Do those Democrats who are now out-hawking the Bush administration honestly think such views reflect a knowledge and careful consideration of the various factors involved -- or that this opposition arises from dangerously racist attitudes of the kind revealed in the Washington Post story? But many of them see only the political advantage involved. And since many Democrats are just as or more eager than the administration for confrontation with Iran, it works out fine for everyone -- except for the many people who might die, and except for the fact that all of us will be in even greater danger.

And one final, more general note. This entire perspective -- one which relies on a certain notion of "Western exceptionalism" -- has a very long record of making Enemies of Our Own Creation. As James Carroll summarizes the main point in a column excerpted in that entry:
The point is that this conflict has its origins more in "the West" than in the House of Islam. The image of Muslims as prone to violence by virtue of their religion was mainly constructed across centuries by Europeans seeking to bolster their own purposes, a habit of politicized paranoia that is masterfully continued by freaked-out leaders of post-9/11 America. They, too, like prelates, crusaders, conquistadors, and colonizers, have turned fear of Islam into a source of power.
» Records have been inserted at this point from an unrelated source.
text \<open>Players are indexed 0,...,N-1. Player l has action dimension nd l.
  Game data: P l (n_l x n_l, symmetric), Pc l m (n_l x n_m, l differs from m),
  r l (vector of dimension n_l), step sizes g l > 0.\<close>

definition Wblk :: "(nat \<Rightarrow> nat) \<Rightarrow> (nat \<Rightarrow> real) \<Rightarrow> (nat \<Rightarrow> real mat)
    \<Rightarrow> (nat \<Rightarrow> nat \<Rightarrow> real mat) \<Rightarrow> nat \<Rightarrow> nat \<Rightarrow> real mat" where
  "Wblk nd g P Pc l m =
     (if l = m then 1\<^sub>m (nd l) - g l \<cdot>\<^sub>m P l else (- g l) \<cdot>\<^sub>m Pc l m)"

text \<open>Block form of W x - Gamma rbar - Gamma d (player-wise).\<close>
fun traj :: "nat \<Rightarrow> (nat \<Rightarrow> nat) \<Rightarrow> (nat \<Rightarrow> real) \<Rightarrow> (nat \<Rightarrow> nat \<Rightarrow> real mat)
    \<Rightarrow> (nat \<Rightarrow> real vec) \<Rightarrow> (nat \<Rightarrow> real vec) \<Rightarrow> (nat \<Rightarrow> nat \<Rightarrow> real vec)
    \<Rightarrow> nat \<Rightarrow> nat \<Rightarrow> real vec" where
  "traj N nd g W r x0 d 0 = x0"
| "traj N nd g W r x0 d (Suc k) =
     (\<lambda>l. vec (nd l) (\<lambda>a.
        (\<Sum>m<N. \<Sum>b<nd m. W l m $$ (a, b) * (traj N nd g W r x0 d k m) $ b)
        - g l * (r l $ a) - g l * (d k l $ a)))"

definition dist_decoupled :: "nat \<Rightarrow> (nat \<Rightarrow> nat) \<Rightarrow> (nat \<Rightarrow> real) \<Rightarrow> (nat \<Rightarrow> nat \<Rightarrow> real mat)
    \<Rightarrow> (nat \<Rightarrow> real vec) \<Rightarrow> nat \<Rightarrow> nat \<Rightarrow> bool" where
  "dist_decoupled N nd g W r i j \<longleftrightarrow>
     (\<forall>x0 d. (\<forall>l<N. x0 l \<in> carrier_vec (nd l))
        \<longrightarrow> (\<forall>k l. l < N \<longrightarrow> d k l \<in> carrier_vec (nd l))
        \<longrightarrow> (\<forall>k m. m < N \<longrightarrow> m \<noteq> i \<longrightarrow> d k m = 0\<^sub>v (nd m))
        \<longrightarrow> (\<forall>k. traj N nd g W r x0 d k j
                  = traj N nd g W r x0 (\<lambda>k l. 0\<^sub>v (nd l)) k j))"

definition gedge :: "(nat \<Rightarrow> nat) \<Rightarrow> (nat \<Rightarrow> nat \<Rightarrow> real mat) \<Rightarrow> nat \<Rightarrow> nat \<Rightarrow> bool" where
  "gedge nd W m l \<longleftrightarrow> l = m \<or> W l m \<noteq> 0\<^sub>m (nd l) (nd m)"

definition paths :: "nat \<Rightarrow> (nat \<Rightarrow> nat) \<Rightarrow> (nat \<Rightarrow> nat \<Rightarrow> real mat) \<Rightarrow> nat \<Rightarrow> nat \<Rightarrow> nat
    \<Rightarrow> nat list set" where
  "paths N nd W k i j = {p. length p = Suc k \<and> set p \<subseteq> {..<N} \<and> p ! 0 = i \<and> p ! k = j
       \<and> (\<forall>t<k. gedge nd W (p ! t) (p ! Suc t))}"

fun pweight :: "(nat \<Rightarrow> nat) \<Rightarrow> (nat \<Rightarrow> nat \<Rightarrow> real mat) \<Rightarrow> nat list \<Rightarrow> real mat" where
  "pweight nd W [] = 1\<^sub>m 0"
| "pweight nd W [v] = 1\<^sub>m (nd v)"
| "pweight nd W (v # w # rest) = pweight nd W (w # rest) * W w v"

definition path_sum :: "nat \<Rightarrow> (nat \<Rightarrow> nat) \<Rightarrow> (nat \<Rightarrow> nat \<Rightarrow> real mat) \<Rightarrow> nat \<Rightarrow> nat \<Rightarrow> nat
    \<Rightarrow> real mat" where
  "path_sum N nd W k i j =
     mat (nd j) (nd i) (\<lambda>(a, b). \<Sum>p\<in>paths N nd W k i j. pweight nd W p $$ (a, b))"

end

theory Submission
  imports Defs "HOL-Library.Function_Algebras" "HOL-Library.Indicator_Function"
begin

(* Stack the players' actions into one vector of R^n.  The deviation e^k = y^k - x^k caused by
   the disturbance obeys e^0 = 0 and e^(k+1) = W e^k - Gamma d^k, hence
   e^k = - (sum over t < k of W^(k-1-t) Gamma d^t).  As d^t only acts on player i's coordinates,
   player j is decoupled iff the (j,i) block of every power W^t vanishes; a unit impulse at
   time 0 shows necessity.  Expanding the matrix product, the (j,i) block of W^t is the sum of
   the weights of the paths with t + 1 nodes from i to j, which is 0 for t = 0 since j <> i.
   Finally, in place of Cayley-Hamilton, the Krylov vectors W^t e lie in the span of the first
   n of them, so the blocks for t < n already control all powers. *)

instantiation "fun" :: (type, real_vector) real_vector
begin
This history teaches that such self-serving projection can indeed result in the creation of an enemy ready and willing to make the nightmare real.
And so we continue to approach a moment of still greater danger. Almost daily, the administration does everything in its power to make it appear that a military confrontation with Iran is "inevitable." Given the widespread and increasingly negative views of Islam and of Arabs, if and when we attack Iran, many Americans will accept it without protest -- and many will view our attack as a positive good.

So the propaganda campaign goes on, fueled by many people in all parts of the political spectrum -- and the prospects for peace dim to the point of invisibility.